To hear Benjamin Wegman tell it, he and Sarah Levitt started their new dance piece, which premieres tonight on the Kennedy Center’s Millennium Stage, pretty impulsively. “We were like, ‘Wouldn’t it be funny if we put a hammock onstage?’”
But it turns out that the piece, titled Hammock, is a little more involved than that. It didn’t just come out of the blue. As dancers with the Takoma Park-based Dance Exchange, Wegman and Levitt had been on the go for months at a time, moving around the country in residencies and performances with the company. “We both have lived a life in the last couple of years of a lot of touring and traveling,” explains Wegman. “There’s a lot of pros to it, but for 32 weeks out of the year, it gets really hard on your body, really grueling.”
No wonder the two were pondering concepts of rest and restlessness, of being in the moment versus being on the go—all of which, they say, shows up in the piece. Don’t expect kinesthetic pyrotechnics; Hammock, according to its choreographers, is more about putting a lens on the human body and the space it inhabits.
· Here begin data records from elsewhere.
lemma misses_basis_elem_rel_fiDpow:
  "t \<in> basis_terms B (n + b) \<Longrightarrow> misses b n t \<Longrightarrow> basis_elem P (n + b) t \<in> rel (fiDpow b P) n"
proof (induction b arbitrary: n t)
  case 0
  then show ?case by (simp add: misses_def)
next
  case (Suc b)
  show ?case
  proof (cases "Suc n \<in> fst (snd t) ` {1..fst (fst t)}")
    case True
    then have "basis_elem P (Suc n + b) t \<in> rel (fiDpow b P) (Suc n)"
      using Suc.IH[of t "Suc n"] Suc.prems misses_Suc_drop[OF Suc.prems(2)] by simp
    then show ?thesis
      using rel_subset_rel_fiD[OF is_fimod_fiDpow[OF fimod]] by (auto simp: fiDpow_Suc)
  next
    case False
    have t: "snd t \<in> fi_hom (fst (fst t)) (Suc (n + b))" "fst t \<in> B"
      using Suc.prems(1) by (auto simp: basis_terms_iff)
    then obtain \<chi> where \<chi>: "\<chi> \<in> fi_hom (fst (fst t)) (n + b)" and "fi_comp (skip_hom n b) \<chi> = snd t"
      using skip_hom_factor False by metis
    then have t': "(fst t, \<chi>) \<in> basis_terms B (n + b)" and push: "push_term (skip_hom n b) (fst t, \<chi>) = t"
      using t by (auto simp: basis_terms_iff push_term_def)
    let ?u = "act P (n + b) (Suc (n + b)) (skip_hom n b) (basis_elem P (n + b) (fst t, \<chi>))"
    have "basis_elem P (Suc (n + b)) t - ?u \<in> rel (fiDpow b P) (Suc n)"
      using subspace_neg[OF fimod_rel_subspace[OF fimod] act_basis_elem[OF t' skip_hom_fi_hom]]
        rel_subset_rel_fiDpow[OF fimod, of "Suc n" b] push by auto
    moreover have "?u \<in> act P (n + b) (Suc (n + b)) (skip_hom n b) ` car P (n + b)"
      using basis_elem_car[OF t'] by blast
    ultimately have "(basis_elem P (Suc (n + b)) t - ?u) + ?u \<in> rel (fiDpow (Suc b) P) n"
      unfolding rel_fiDpow_Suc by (rule msumI)
    then show ?thesis by simp
  qed
qed

lemma basis_independent_mod_span:
  assumes T: "finite T" and f: "inj_on f T" "f ` T \<subseteq> basis_terms B m"
    and S: "S \<subseteq> basis_terms B m" "f ` T \<inter> S = {}"
    and comb: "(\<Sum>t\<in>T. s (c t) (basis_elem P m (f t))) \<in> msum (span (basis_elem P m ` S)) (rel P m)"
    and t: "t \<in> T"
  shows "c t = 0"
proof -
  from comb obtain v r where v: "v \<in> span (basis_elem P m ` S)" and r: "r \<in> rel P m"
    and comb_eq: "(\<Sum>t\<in>T. s (c t) (basis_elem P m (f t))) = v + r"
    by (blast elim: msumE)
  from span_image_explicit[OF v] obtain A c' where A: "finite A" "A \<subseteq> S"
    and v_eq: "v = (\<Sum>a\<in>A. s (c' a) (basis_elem P m a))"
    by blast
  define d where "d w = (if w \<in> f ` T then c (the_inv_into T f w) else - c' w)" for w
  have d_f: "d (f t) = c t" if "t \<in> T" for t
    unfolding d_def using that the_inv_into_f_f[OF f(1)] by auto
  have on_T: "(\<Sum>w\<in>f ` T. s (d w) (basis_elem P m w)) = v + r"
    using d_f comb_eq by (simp add: sum.reindex[OF f(1)])
  have "(\<Sum>w\<in>A. s (d w) (basis_elem P m w)) = (\<Sum>w\<in>A. - s (c' w) (basis_elem P m w))"
  proof (rule sum.cong[OF refl])
    fix w assume "w \<in> A"
    then have "w \<notin> f ` T" using A(2) S(2) by blast
    then show "s (d w) (basis_elem P m w) = - s (c' w) (basis_elem P m w)"
      unfolding d_def by (simp add: scale_minus_left)
  qed
  then have on_A: "(\<Sum>w\<in>A. s (d w) (basis_elem P m w)) = - v" by (simp add: v_eq sum_negf)
  have "f ` T \<inter> A = {}" using A(2) S(2) by blast
  then have "(\<Sum>w\<in>f ` T \<union> A. s (d w) (basis_elem P m w))
      = (\<Sum>w\<in>f ` T. s (d w) (basis_elem P m w)) + (\<Sum>w\<in>A. s (d w) (basis_elem P m w))"
    by (rule sum.union_disjoint[OF finite_imageI[OF T] A(1)])
  also have "\<dots> = r" unfolding on_T on_A by simp
  finally have "(\<Sum>w\<in>f ` T \<union> A. s (d w) (basis_elem P m w)) \<in> rel P m" using r by simp
  moreover have "finite (f ` T \<union> A)" using T A(1) by simp
  moreover have "f ` T \<union> A \<subseteq> basis_terms B m" using f(2) A(2) S(1) by blast
  ultimately have "d (f t) = 0" using basis_independent[of "f ` T \<union> A" m d "f t"] t by blast
  then show ?thesis using d_f[OF t] by simp
qed
definition IP_weight :: "'v set set \<Rightarrow> real \<Rightarrow> 'v state \<Rightarrow> real" where
  "IP_weight E p st = (\<Prod>e\<in>E. (if fst st e = 1 then p * delta (snd st) e else 0)
                                + (if fst st e = 0 then 1 - p else 0))"

definition IP :: "'v set \<Rightarrow> 'v set set \<Rightarrow> real \<Rightarrow> 'v state \<Rightarrow> real" where
  "IP V E p st = IP_weight E p st / (\<Sum>u\<in>states V E. IP_weight E p u)"

definition rate :: "'v set \<Rightarrow> 'v set set \<Rightarrow> real \<Rightarrow> 'v state \<Rightarrow> 'v state \<Rightarrow> real" where
  "rate V E p a b =
     (if snd a \<noteq> snd b \<and> fst b = fst a \<and>
         (\<exists>x\<in>V. snd b = flip_spin (snd a) x \<and> (\<forall>e\<in>edges_at E x. fst a e = 0)) then 1
      else if fst a \<noteq> fst b \<and> snd b = snd a \<and> (\<exists>e\<in>E. fst b = flip_edge (fst a) e) then
        (THE r. \<exists>e\<in>E. fst b = flip_edge (fst a) e \<and>
           r = (if fst a e = 0 then p * delta (snd a) e else 0) + (if fst a e = 1 then 1 - p else 0))
      else 0)"

definition generator :: "'v set \<Rightarrow> 'v set set \<Rightarrow> real \<Rightarrow> 'v state \<Rightarrow> 'v state \<Rightarrow> real" where
  "generator V E p a b =
     (if a = b then - (\<Sum>c\<in>states V E - {a}. rate V E p a c) else rate V E p a b)"

fun mpow :: "'s set \<Rightarrow> ('s \<Rightarrow> 's \<Rightarrow> real) \<Rightarrow> nat \<Rightarrow> 's \<Rightarrow> 's \<Rightarrow> real" where
  "mpow S Q 0 a b = (if a = b then 1 else 0)"
| "mpow S Q (Suc n) a b = (\<Sum>c\<in>S. Q a c * mpow S Q n c b)"

definition transition :: "'v set \<Rightarrow> 'v set set \<Rightarrow> real \<Rightarrow> real \<Rightarrow> 'v state \<Rightarrow> 'v state \<Rightarrow> real" where
  "transition V E p t a b =
     (\<Sum>n. t ^ n / fact n * mpow (states V E) (generator V E p) n a b)"

definition markov_IP_process ::
  "'v set \<Rightarrow> 'v set set \<Rightarrow> real \<Rightarrow> 'w measure \<Rightarrow> (real \<Rightarrow> 'w \<Rightarrow> 'v state) \<Rightarrow> bool" where
  "markov_IP_process V E p M X \<longleftrightarrow>
     prob_space M \<and>
     (\<forall>t\<ge>0. X t \<in> M \<rightarrow>\<^sub>M count_space UNIV) \<and>
     (\<forall>n (ts :: nat \<Rightarrow> real) (as :: nat \<Rightarrow> 'v state).
        ts 0 = 0 \<longrightarrow> (\<forall>i<n. ts i \<le> ts (Suc i)) \<longrightarrow> (\<forall>i\<le>n. as i \<in> states V E) \<longrightarrow>
        measure M {\<omega> \<in> space M. \<forall>i\<le>n. X (ts i) \<omega> = as i}
          = IP V E p (as 0) *
            (\<Prod>i<n. transition V E p (ts (Suc i) - ts i) (as i) (as (Suc i))))"

end

theory Submission
  imports Defs
begin

(* The measure IP is reversible for the dynamics. An allowed flip at x leaves every factor of the
   weight unchanged, since all edges at x are closed; an edge flip satisfies detailed balance edge
   by edge. Hence IP is stationary for the generator Q and for P_t = exp(tQ), so the pair
   (X s, X (t + s)) has law IP(a) P_t(a, b). Dividing by t and letting t -> 0 replaces P_t(a, b)
   by Q(a, b), which for a spin flip at x is 1 if all edges at x are closed and 0 otherwise. The
   limit is therefore the conditional IP-probability, given the spins, that all edges at x are
   closed; given the spins the edges are independent, and an edge at x is closed with
   probability 1 - p if its endpoints agree and with probability 1 otherwise. *)

definition mexp :: "'s set \<Rightarrow> ('s \<Rightarrow> 's \<Rightarrow> real) \<Rightarrow> real \<Rightarrow> 's \<Rightarrow> 's \<Rightarrow> real" where
  "mexp S Q t a b = (\<Sum>n. t ^ n / fact n * mpow S Q n a b)"

lemma summable_exp_series:
  fixes c :: "nat \<Rightarrow> real"
  assumes "\<And>n. \<bar>c n\<bar> \<le> M ^ n"
  shows "summable (\<lambda>n. t ^ n / fact n * c n)"
proof (rule summable_comparison_test[OF _ summable_exp[of "\<bar>t\<bar> * M"]], intro exI allI impI)
  fix n :: nat
  have "norm (t ^ n / fact n * c n) = \<bar>t\<bar> ^ n * \<bar>c n\<bar> / fact n"
    by (simp add: abs_mult power_abs)
  also have "\<dots> \<le> \<bar>t\<bar> ^ n * M ^ n / fact n"
    by (intro divide_right_mono mult_left_mono assms) auto
  also have "\<dots> = inverse (fact n) * (\<bar>t\<bar> * M) ^ n"
    by (simp add: power_mult_distrib field_simps)
  finally show "norm (t ^ n / fact n * c n) \<le> inverse (fact n) * (\<bar>t\<bar> * M) ^ n" .
qed

lemma exp_series_div_tendsto:
  fixes c :: "nat \<Rightarrow> real"
  assumes bound: "\<And>n. \<bar>c n\<bar> \<le> M ^ n" and "c 0 = 0"
  shows "((\<lambda>t. (\<Sum>n. t ^ n / fact n * c n) / t) \<longlongrightarrow> c 1) (at_right 0)"
proof -
  \<comment> \<open>Because \<open>c 0 = 0\<close>, dividing the series by \<open>t\<close> yields the power series \<open>g\<close>.\<close>
  define g where "g t = (\<Sum>n. c (Suc n) / fact (Suc n) * t ^ n)" for t :: real
  have shifted: "summable (\<lambda>n. t ^ Suc n / fact (Suc n) * c (Suc n))" for t :: real
    using summable_exp_series[OF bound, of t]
    by (rule iffD2[OF summable_Suc_iff[where f = "\<lambda>n. t ^ n / fact n * c n"]])
  from shifted[of 1] have "isCont g 0"
    unfolding g_def by (intro isCont_powser[where K = 1]) (simp_all add: mult.commute)
  moreover have "g 0 = c 1"
    unfolding g_def using powser_zero[of "\<lambda>n. c (Suc n) / fact (Suc n)"] by simp
  ultimately have "(g \<longlongrightarrow> c 1) (at_right 0)"
    unfolding isCont_def by (metis tendsto_mono[OF at_le[OF subset_UNIV]])
  moreover have "g t = (\<Sum>n. t ^ n / fact n * c n) / t" if "t \<noteq> 0" for t :: real
  proof -
    have "g t = (\<Sum>n. t ^ Suc n / fact (Suc n) * c (Suc n) / t)"
      unfolding g_def using that by (intro arg_cong[where f = suminf]) (auto simp: fun_eq_iff)
    also have "\<dots> = (\<Sum>n. t ^ Suc n / fact (Suc n) * c (Suc n)) / t"
      by (rule suminf_divide[OF shifted])
    also have "(\<Sum>n. t ^ Suc n / fact (Suc n) * c (Suc n)) = (\<Sum>n. t ^ n / fact n * c n)"
      using suminf_split_head[OF summable_exp_series[OF bound, of t]] \<open>c 0 = 0\<close> by simp
    finally show ?thesis .
  qed
  then have "\<forall>\<^sub>F t in at_right 0. g t = (\<Sum>n. t ^ n / fact n * c n) / t"
    by (auto simp: eventually_at_right_field intro: exI[of _ 1])
  ultimately show ?thesis
    by (rule Lim_transform_eventually)
qed

lemma abs_mpow_le:
  assumes "finite S" "a \<in> S"
  shows "\<bar>mpow S Q n a b\<bar> \<le> (\<Sum>a\<in>S. \<Sum>c\<in>S. \<bar>Q a c\<bar>) ^ n"
  using assms(2)
proof (induction n arbitrary: a)
  case (Suc n)
  define M where "M = (\<Sum>a\<in>S. \<Sum>c\<in>S. \<bar>Q a c\<bar>)"
  have "\<bar>mpow S Q (Suc n) a b\<bar> \<le> (\<Sum>c\<in>S. \<bar>Q a c\<bar> * \<bar>mpow S Q n c b\<bar>)"
    by (simp add: sum_abs[THEN order_trans] abs_mult)
  also have "\<dots> \<le> (\<Sum>c\<in>S. \<bar>Q a c\<bar>) * M ^ n"
    unfolding sum_distrib_right M_def using Suc.IH by (intro sum_mono mult_left_mono) auto
  also have "\<dots> \<le> M * M ^ n"
    unfolding M_def using assms(1) Suc.prems
    by (intro mult_right_mono member_le_sum[where f = "\<lambda>a. \<Sum>c\<in>S. \<bar>Q a c\<bar>"] sum_nonneg zero_le_power)
      auto
  finally show ?case by (simp add: M_def)
qed simp
lemma gram_mat_eigenvalue_nonneg:
  assumes "eigenvalue (gram_mat K I v) a"
  shows "Im a = 0 \<and> 0 \<le> Re a"
proof -
  obtain u where u: "u \<in> carrier_vec K" and u0: "u \<noteq> 0\<^sub>v K"
    and eigen: "gram_mat K I v *\<^sub>v u = a \<cdot>\<^sub>v u"
    using assms unfolding eigenvalue_def eigenvector_def by auto
  define Q where "Q = (\<Sum>p\<in>I. (cmod (\<Sum>j<K. u $ j * v j p))\<^sup>2)"
  define S where "S = (\<Sum>i<K. (cmod (u $ i))\<^sup>2)"
  obtain i where "i < K" and "u $ i \<noteq> 0"
    using u u0 by (metis carrier_vecD eq_vecI index_zero_vec)
  then have S: "S > 0" unfolding S_def by (intro sum_pos2[of _ i]) auto
  have "of_real Q = (\<Sum>i<K. cnj (u $ i) * (gram_mat K I v *\<^sub>v u) $ i)"
    unfolding Q_def by (rule gram_mat_quadratic_form[OF u, symmetric])
  also have "\<dots> = (\<Sum>i<K. a * (cnj (u $ i) * u $ i))"
    using u by (simp add: eigen mult_ac)
  also have "\<dots> = a * of_real S"
    unfolding S_def of_real_sum sum_distrib_left
    by (intro sum.cong refl) (metis complex_norm_square mult.commute)
  finally have "a = of_real (Q / S)" using S by (simp add: field_simps)
  moreover have "Q \<ge> 0" unfolding Q_def by (intro sum_nonneg) auto
  ultimately show ?thesis using S by simp
qed

lemma det_gram_mat_nonneg: "Im (det (gram_mat K I v)) = 0 \<and> 0 \<le> Re (det (gram_mat K I v))"
  by (intro det_nonneg_if_eigenvalues_nonneg[OF gram_mat_carrier] gram_mat_eigenvalue_nonneg)
lemma infdist_to_limit_points_tendsto_zero:
  fixes x :: "nat \<Rightarrow> 'a::heine_borel"
  assumes bdd: "bounded (range x)"
    and limits: "\<And>phi l. strict_mono phi \<Longrightarrow> (x \<circ> phi) \<longlonglongrightarrow> l \<Longrightarrow> l \<in> S"
  shows "(\<lambda>k. infdist (x k) S) \<longlonglongrightarrow> 0"
proof (rule ccontr)
  assume "\<not> ?thesis"
  then obtain eps where "eps > 0" and frequently: "\<forall>N. \<exists>n\<ge>N. eps \<le> infdist (x n) S"
    unfolding LIMSEQ_iff by (auto simp: not_less abs_of_nonneg[OF infdist_nonneg])
  define I where "I = {n. eps \<le> infdist (x n) S}"
  have "infinite I"
    unfolding infinite_nat_iff_unbounded_le I_def using frequently by simp
  then obtain psi :: "nat \<Rightarrow> nat" where psi: "strict_mono psi" "\<forall>n. psi n \<in> I"
    using infinite_enumerate by blast
  have "bounded (range (x \<circ> psi))" by (rule bounded_subset[OF bdd]) auto
  then obtain l chi where chi: "strict_mono chi" "((x \<circ> psi) \<circ> chi) \<longlonglongrightarrow> l"
    using bounded_imp_convergent_subsequence by blast
  define phi where "phi = psi \<circ> chi"
  have "strict_mono phi" unfolding phi_def using psi(1) chi(1) by (rule strict_mono_o)
  moreover have lim: "(x \<circ> phi) \<longlonglongrightarrow> l" using chi(2) by (simp add: phi_def o_assoc)
  ultimately have "l \<in> S" by (rule limits)
  have "(\<lambda>n. dist ((x \<circ> phi) n) l) \<longlonglongrightarrow> dist l l" by (intro tendsto_dist lim tendsto_const)
  then obtain N where "\<forall>n\<ge>N. norm (dist ((x \<circ> phi) n) l - 0) < eps"
    using LIMSEQ_D \<open>eps > 0\<close> by fastforce
  then have "dist (x (phi N)) l < eps" by simp
  moreover have "phi N \<in> I" using psi(2) by (simp add: phi_def)
  ultimately show False
    using infdist_le[OF \<open>l \<in> S\<close>, of "x (phi N)"] by (simp add: I_def)
qed

section \<open>The max-norm of a parameter tuple\<close>

lemma thnorm_tuple:
  "thnorm (a, b, c, d, e, f, g, h) = max (norm a) (max (norm b) (max (norm c) (max (norm d)
     (max (norm e) (max (norm f) (max (norm g) (norm h)))))))"
  unfolding thnorm_def by (simp only: prod.case)

lemma thnorm_projections:
  "thnorm T = max (norm (fst T)) (max (norm (fst (snd T))) (max (norm (fst (snd (snd T))))
     (max (norm (fst (snd (snd (snd T))))) (max (norm (fst (snd (snd (snd (snd T))))))
     (max (norm (fst (snd (snd (snd (snd (snd T)))))))
     (max (norm (fst (snd (snd (snd (snd (snd (snd T))))))))
       (norm (snd (snd (snd (snd (snd (snd (snd T))))))))))))))"
  using thnorm_tuple[of "fst T" "fst (snd T)" "fst (snd (snd T))" "fst (snd (snd (snd T)))"
     "fst (snd (snd (snd (snd T))))" "fst (snd (snd (snd (snd (snd T)))))"
     "fst (snd (snd (snd (snd (snd (snd T))))))" "snd (snd (snd (snd (snd (snd (snd T))))))"]
  by (simp only: prod.collapse)

lemma norm_theta:
  "norm (a, b, c, d, e, f, g, h) = sqrt ((norm a)\<^sup>2 + (norm b)\<^sup>2 + (norm c)\<^sup>2 + (norm d)\<^sup>2
      + (norm e)\<^sup>2 + (norm f)\<^sup>2 + (norm g)\<^sup>2 + (norm h)\<^sup>2)"
  by (simp only: norm_Pair real_sqrt_pow2 add_nonneg_nonneg zero_le_power2 add.assoc)

lemma thnorm_le_norm: "thnorm T \<le> norm T"
proof -
  obtain a b c d e f g h where T: "T = (a, b, c, d, e, f, g, h)" by (metis prod.collapse)
  have "norm a \<le> norm T" "norm b \<le> norm T" "norm c \<le> norm T" "norm d \<le> norm T"
    "norm e \<le> norm T" "norm f \<le> norm T" "norm g \<le> norm T" "norm h \<le> norm T"
    unfolding T norm_theta by (rule real_le_rsqrt, simp)+
  then show ?thesis unfolding T thnorm_tuple max.bounded_iff by blast
qed

lemma norm_le_thnorm: "norm T \<le> 3 * thnorm T"
proof -
  obtain a b c d e f g h where T: "T = (a, b, c, d, e, f, g, h)" by (metis prod.collapse)
  define t where "t = thnorm T"
  have "norm a \<le> t" "norm b \<le> t" "norm c \<le> t" "norm d \<le> t"
    "norm e \<le> t" "norm f \<le> t" "norm g \<le> t" "norm h \<le> t"
    unfolding t_def T thnorm_tuple by (meson max.cobounded1 max.cobounded2 order_trans)+
  then have sq: "(norm a)\<^sup>2 \<le> t\<^sup>2" "(norm b)\<^sup>2 \<le> t\<^sup>2" "(norm c)\<^sup>2 \<le> t\<^sup>2" "(norm d)\<^sup>2 \<le> t\<^sup>2"
    "(norm e)\<^sup>2 \<le> t\<^sup>2" "(norm f)\<^sup>2 \<le> t\<^sup>2" "(norm g)\<^sup>2 \<le> t\<^sup>2" "(norm h)\<^sup>2 \<le> t\<^sup>2"
    and t_nonneg: "0 \<le> t"
    by (simp_all add: power_mono) (meson norm_ge_zero order_trans)
  have "(3 * t)\<^sup>2 = 9 * t\<^sup>2" by (simp add: power_mult_distrib)
  then have "(norm a)\<^sup>2 + (norm b)\<^sup>2 + (norm c)\<^sup>2 + (norm d)\<^sup>2
      + (norm e)\<^sup>2 + (norm f)\<^sup>2 + (norm g)\<^sup>2 + (norm h)\<^sup>2 \<le> (3 * t)\<^sup>2"
    using sq zero_le_power2[of t] by linarith
  then have "norm T \<le> sqrt ((3 * t)\<^sup>2)"
    unfolding T norm_theta by (rule real_sqrt_le_mono)
  moreover have "sqrt ((3 * t)\<^sup>2) = 3 * t" using t_nonneg by (subst real_sqrt_abs) simp
  ultimately show ?thesis by (simp add: t_def)
qed

lemma tendsto_thnorm:
  fixes f :: "'a \<Rightarrow> ('m::finite,'n::finite,'r::finite,'s::finite,'c::finite) theta"
  assumes "(f \<longlongrightarrow> T) F"
  shows "((\<lambda>x. thnorm (f x)) \<longlongrightarrow> thnorm T) F"
  unfolding thnorm_projections using assms by (intro tendsto_intros)

lemma thnorm_nonneg: "0 \<le> thnorm T"
  unfolding thnorm_projections by (rule order_trans[OF norm_ge_zero max.cobounded1])
lemma orth_proj_extend:
  fixes A :: "real mat"
  assumes A: "A \<in> carrier_mat m n" and P: "orth_proj m P" and Z: "Z \<in> carrier_mat n m"
    and PAZ: "P = A * Z" and x: "x \<in> carrier_vec n"
  obtains P' Z' where "orth_proj m P'" "Z' \<in> carrier_mat n m" "P' = A * Z'"
    "P' *\<^sub>v (A *\<^sub>v x) = A *\<^sub>v x" "\<And>v. v \<in> carrier_vec m \<Longrightarrow> P *\<^sub>v v = v \<Longrightarrow> P' *\<^sub>v v = v"
proof -
  have Pm: "P \<in> carrier_mat m m" and idem: "P * P = P"
    using P unfolding orth_proj_def by auto
  define a where "a = A *\<^sub>v x"
  define c where "c = a - P *\<^sub>v a"
  have a: "a \<in> carrier_vec m" and c: "c \<in> carrier_vec m"
    using A Pm x by (simp_all add: a_def c_def)
  have PPa: "P *\<^sub>v (P *\<^sub>v a) = P *\<^sub>v a"
    using idem Pm a by (metis assoc_mult_mat_vec)
  have a_split: "a = P *\<^sub>v a + c"
    using a Pm unfolding c_def by (intro eq_vecI) auto
  show thesis
  proof (cases "c = 0\<^sub>v m")
    case True
    then show thesis
      using that[OF P Z PAZ] a_split a Pm unfolding a_def by simp
  next
    case False
    have Pc: "P *\<^sub>v c = 0\<^sub>v m"
      using Pm a PPa unfolding c_def by (simp add: mult_minus_distrib_mat_vec[OF Pm])
    define P' where "P' = P + (1 / (c \<bullet> c)) \<cdot>\<^sub>m outer_prod c c"
    note P' = orth_proj_rank_one_update[OF P c False Pc, folded P'_def]
    \<comment> \<open>\<open>P' = A Z'\<close> needs \<open>c\<close> in the column space of \<open>A\<close>: \<open>c = A u\<close>\<close>
    define u where "u = x - Z *\<^sub>v a"
    have u: "u \<in> carrier_vec n"
      using Z x a by (simp add: u_def)
    have Au: "A *\<^sub>v u = c"
      using A Z a x PAZ unfolding u_def c_def by (simp add: mult_minus_distrib_mat_vec[OF A] a_def)
    have uc: "outer_prod u c \<in> carrier_mat n m"
      using outer_prod_carrier[of u c] carrier_vecD[OF u] carrier_vecD[OF c] by simp
    define Z' where "Z' = Z + (1 / (c \<bullet> c)) \<cdot>\<^sub>m outer_prod u c"
    have "Z' \<in> carrier_mat n m"
      using Z uc unfolding Z'_def by simp
    moreover have "P' = A * Z'"
      using A Z uc Au PAZ carrier_vecD[OF u] unfolding Z'_def P'_def
      by (simp add: mult_add_distrib_mat[of A m n] mult_smult_distrib[of A m n] mult_outer_prod)
    moreover have "P' *\<^sub>v a = a"
      using a_split P'(2) P'(3)[of "P *\<^sub>v a"] PPa Pm a c
      by (metis mult_add_distrib_mat_vec mult_mat_vec_carrier orth_proj_def P'(1))
    ultimately show thesis
      using that[OF P'(1)] P'(3) unfolding a_def by blast
  qed
qed

lemma orth_proj_fixing_cols_exists:
  fixes A :: "real mat"
  assumes A: "A \<in> carrier_mat m n" and "k \<le> n"
  shows "\<exists>P Z. orth_proj m P \<and> Z \<in> carrier_mat n m \<and> P = A * Z \<and> (\<forall>j<k. P *\<^sub>v col A j = col A j)"
  using \<open>k \<le> n\<close>
proof (induction k)
  case 0
  have "orth_proj m (0\<^sub>m m m)"
    unfolding orth_proj_def by (auto intro!: eq_matI)
  moreover have "0\<^sub>m m m = A * 0\<^sub>m n m"
    using A by (auto intro!: eq_matI)
  ultimately show ?case
    using zero_carrier_mat[of n m] by blast
next
  case (Suc k)
  then obtain P Z where P: "orth_proj m P" and Z: "Z \<in> carrier_mat n m" and PAZ: "P = A * Z"
    and fixes_cols: "\<forall>j<k. P *\<^sub>v col A j = col A j"
    by auto
  have "A *\<^sub>v unit_vec n k = col A k"
    using A Suc.prems by (intro eq_vecI) auto
  then obtain P' Z' where "orth_proj m P'" "Z' \<in> carrier_mat n m" "P' = A * Z'"
    and "P' *\<^sub>v col A k = col A k" and "\<And>v. v \<in> carrier_vec m \<Longrightarrow> P *\<^sub>v v = v \<Longrightarrow> P' *\<^sub>v v = v"
    using orth_proj_extend[OF A P Z PAZ unit_vec_carrier[of n k]] by metis
  moreover have "col A j \<in> carrier_vec m" if "j < Suc k" for j
    using A Suc.prems that col_carrier_vec[of j n A m] by simp
  ultimately show ?case
    using fixes_cols by (metis less_Suc_eq)
qed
But that hammock—the one that inspired the piece—will be onstage too, in a tangible, non-metaphorical way. Audience members who arrive to the theater early will treated to a short, site-specific installation piece as Levitt and Wegman assemble their prop.
Hammock kicks off the Kennedy Center’s three Local Dance Commissioning Project performances this fall. The program, which is the KenCen’s tip of the hat to the local dance community, provides recipients with $7,500 stipend, a forum for critical feedback, and produced performances at Dance Place and Baltimore’s Theatre Project, as well as on the Millennium Stage.
Tonight and tomorrow night at 6pm on the Kennedy Center’s Millennium Stage. Free.